周りを見渡せば、ビルが立ち並ぶ都市風景とは違い、なんだか心が落ち着くような風景であった。
更に、ライダーである彼の体温で私は心を落ち着かせる。

 しばらくバイクで森の中を颯爽としていると、どこからか音楽が聞こえる。
どこからだろう。
そう思って周囲を見渡す。
もしかしたら、彼の電話が鳴っているかもしれない。
そう思って、
「ねえ。電話鳴っているよ。
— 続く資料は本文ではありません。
(* Let $X_1,\ldots,X_q\in\{-1,0,1\}$ be i.i.d. random variables with mean $\mu\ne0$. Then for every $\epsilon$ with $0<\epsilon\le\frac{\min(\Pr(X_i=1),\Pr(X_i=-1))}{2|\mu|}$, $$\Pr\left(\left|\frac1{q|\mu|}\sum_{i=1}^qX_i-\frac{\mu}{|\mu|}\right|\ge\epsilon\right)\le4e^{-\frac{q\epsilon^2|\mu|^2}{12\Pr(X_i\ne0)}}.$$ *)

theory Defs
  imports "HOL-Probability.Probability"
begin

end

theory Submission imports Defs begin

text \<open>
  Centre the sum S at q\<mu> and apply the exponential Chernoff bound to both tails. The point is the
  moment generating function of a single centred variable: since X^2 is the indicator of X \<noteq> 0
  and exp y \<le> 1 + y + y^2 for \<bar>y\<bar> \<le> 1, for \<bar>\<lambda>\<bar> \<le> 1 it is at most
  exp (-\<lambda>\<mu>) (1 + \<lambda>\<mu> + \<lambda>^2 p) \<le> exp (\<lambda>^2 p), where p = Pr(X \<noteq> 0), rather than the
  exp (\<lambda>^2/2) of Hoeffding's lemma. Hence Pr(\<bar>S - q\<mu>\<bar> \<ge> t) \<le> 2 exp (-\<lambda>t + q\<lambda>^2 p), and
  \<lambda> = t/(2qp) gives 2 exp (-t^2/(4qp)). For t = \<epsilon>q\<bar>\<mu>\<bar> the hypothesis on \<epsilon> ensures \<lambda> \<le> 1.
\<close>

lemma exp_bound_abs:
  fixes x :: real
  assumes "\<bar>x\<bar> \<le> 1"
  shows "exp x \<le> 1 + x + x\<^sup>2"
proof (cases "x \<ge> 0")
  case True
  then show ?thesis using exp_bound[of x] assms by auto
next
  case False
  have "1 - x \<le> exp (-x)" using exp_ge_add_one_self[of "-x"] by simp
  then have "exp x \<le> 1 / (1 - x)"
    using False by (simp add: exp_minus field_simps)
  also have "\<dots> \<le> 1 + x + x\<^sup>2"
  proof -
    have "(1 + x + x\<^sup>2) * (1 - x) = 1 - x ^ 3" by (simp add: algebra_simps power2_eq_square power3_eq_cube)
    moreover have "x ^ 3 < 0" using False by (simp add: power_less_zero_eq)
    ultimately show ?thesis using False by (simp add: divide_le_eq)
  qed
  finally show ?thesis .
qed

lemma nn_integral_comp_eq_if_distr_eq:
  assumes "X \<in> measurable M N" "Y \<in> measurable M N" "distr M N X = distr M N Y"
    and "f \<in> borel_measurable N"
  shows "(\<integral>\<^sup>+x. f (X x) \<partial>M) = (\<integral>\<^sup>+x. f (Y x) \<partial>M)"
  using assms nn_integral_distr[of X M N f] nn_integral_distr[of Y M N f] by simp

lemma (in prob_space) nn_integral_exp_centered_ternary_le:
  assumes [measurable]: "random_variable borel Y"
    and vals: "\<And>x. x \<in> space M \<Longrightarrow> Y x \<in> {-1, 0, 1}"
    and "\<bar>l\<bar> \<le> 1"
  shows "(\<integral>\<^sup>+x. ennreal (exp (l * (Y x - expectation Y))) \<partial>M)
           \<le> ennreal (exp (l\<^sup>2 * prob {x \<in> space M. Y x \<noteq> 0}))"
proof -
  define \<mu> where "\<mu> = expectation Y"
  define p where "p = prob {x \<in> space M. Y x \<noteq> 0}"
  define g where "g x = exp (-l * \<mu>) * (1 + l * Y x + l\<^sup>2 * indicator {x \<in> space M. Y x \<noteq> 0} x)" for x
  have [simp]: "{x \<in> space M. Y x \<noteq> 0} \<in> events" by measurable
  have integrable_Y: "integrable M Y"
    by (rule integrable_const_bound[where B=1]) (use vals in fastforce)+
  have exp_le_g: "exp (l * (Y x - \<mu>)) \<le> g x" if "x \<in> space M" for x
  proof -
    have "\<bar>l * Y x\<bar> \<le> 1" using vals[OF that] assms(3) by auto
    then have "exp (l * Y x) \<le> 1 + l * Y x + (l * Y x)\<^sup>2" by (rule exp_bound_abs)
    also have "(l * Y x)\<^sup>2 = l\<^sup>2 * indicator {x \<in> space M. Y x \<noteq> 0} x"
      using vals[OF that] that by (auto simp: power_mult_distrib)
    finally show ?thesis
      unfolding g_def by (simp add: right_diff_distrib exp_diff exp_minus field_simps)
  qed
  have "integral\<^sup>L M g = exp (-l * \<mu>) * (1 + l * \<mu> + l\<^sup>2 * p)"
    unfolding g_def \<mu>_def p_def using integrable_Y by (simp add: prob_space emeasure_eq_measure)
  also have "\<dots> \<le> exp (-l * \<mu>) * exp (l * \<mu> + l\<^sup>2 * p)"
    by (intro mult_left_mono) (auto simp: add.assoc exp_ge_add_one_self)
  also have "\<dots> = exp (l\<^sup>2 * p)" by (simp flip: exp_add)
  finally have integral_g: "integral\<^sup>L M g \<le> exp (l\<^sup>2 * p)" .
  have "(\<integral>\<^sup>+x. ennreal (exp (l * (Y x - \<mu>))) \<partial>M) \<le> (\<integral>\<^sup>+x. ennreal (g x) \<partial>M)"
    by (intro nn_integral_mono ennreal_leI exp_le_g)
  also have "\<dots> = ennreal (integral\<^sup>L M g)"
    using integrable_Y exp_le_g
    by (intro nn_integral_eq_integral AE_I2)
       (auto simp: g_def emeasure_eq_measure intro: order_trans[OF exp_ge_zero])
  also have "\<dots> \<le> ennreal (exp (l\<^sup>2 * p))"
    using integral_g by (rule ennreal_leI)
  finally show ?thesis unfolding \<mu>_def p_def .
qed

lemma (in prob_space) Chernoff_ineq_indep_sum_ge:
  assumes "finite I" and indep: "indep_vars (\<lambda>_. borel) X I" and "l > 0"
    and mgf: "\<And>i. i \<in> I \<Longrightarrow> (\<integral>\<^sup>+x. ennreal (exp (l * (X i x - c i))) \<partial>M) \<le> ennreal (exp (v i))"
  shows "prob {x \<in> space M. (\<Sum>i\<in>I. X i x - c i) \<ge> t} \<le> exp (-l * t + (\<Sum>i\<in>I. v i))"
proof -
  have [measurable]: "random_variable borel (X i)" if "i \<in> I" for i
    using indep that unfolding indep_vars_def by blast
  have "ennreal (prob {x \<in> space M. (\<Sum>i\<in>I. X i x - c i) \<ge> t})
          \<le> ennreal (exp (-l * t)) * (\<integral>\<^sup>+x\<in>space M. exp (l * (\<Sum>i\<in>I. X i x - c i)) \<partial>M)"
    unfolding emeasure_eq_measure[symmetric] using \<open>l > 0\<close>
    by (intro Chernoff_ineq_nn_integral_ge) auto
  also have "(\<integral>\<^sup>+x\<in>space M. exp (l * (\<Sum>i\<in>I. X i x - c i)) \<partial>M)
               = (\<integral>\<^sup>+x. (\<Prod>i\<in>I. ennreal (exp (l * (X i x - c i)))) \<partial>M)"
    by (intro nn_integral_cong) (simp add: sum_distrib_left exp_sum \<open>finite I\<close> prod_ennreal)
  also have "\<dots> = (\<Prod>i\<in>I. \<integral>\<^sup>+x. ennreal (exp (l * (X i x - c i))) \<partial>M)"
    by (intro indep_vars_nn_integral \<open>finite I\<close> indep_vars_compose2[OF indep]) auto
  also have "ennreal (exp (-l * t)) * \<dots> \<le> ennreal (exp (-l * t)) * (\<Prod>i\<in>I. ennreal (exp (v i)))"
    by (intro mult_left_mono prod_mono_ennreal mgf) auto
  also have "\<dots> = ennreal (exp (-l * t + (\<Sum>i\<in>I. v i)))"
    by (simp only: prod_ennreal exp_add exp_sum[OF \<open>finite I\<close>] ennreal_mult prod_nonneg exp_ge_zero)
  finally show ?thesis by (subst (asm) ennreal_le_iff) auto
qed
」
そう言う。
「ん、電話?バイプレーションが振動しないから電話なんか来てないけど。」
どうやら、違うらしい。
じゃあ、どこから聞こえるのだろう。
好奇心が沸いてくる。
もしかしたら、ここじゃないのかも。
そう思い、
「ねぇ。少し急用を思い出したから、早めに帰らせて貰うね。」
と言う。
「え、急用?それなら送ってあげるよ。」
彼は気遣いを見せたが、私は首を振る。
「気遣いありがとう。でも、その心配はいらない。」
私は言うと、バイクから降りる。
その時、さっきまで感じていた温度や風を感じなくなった。
だけど、さっきから聞こえる音楽は鳴り止まなかった。
この音楽、なんか行かなきゃ。
そう思うと、私は音楽がする方へ走る。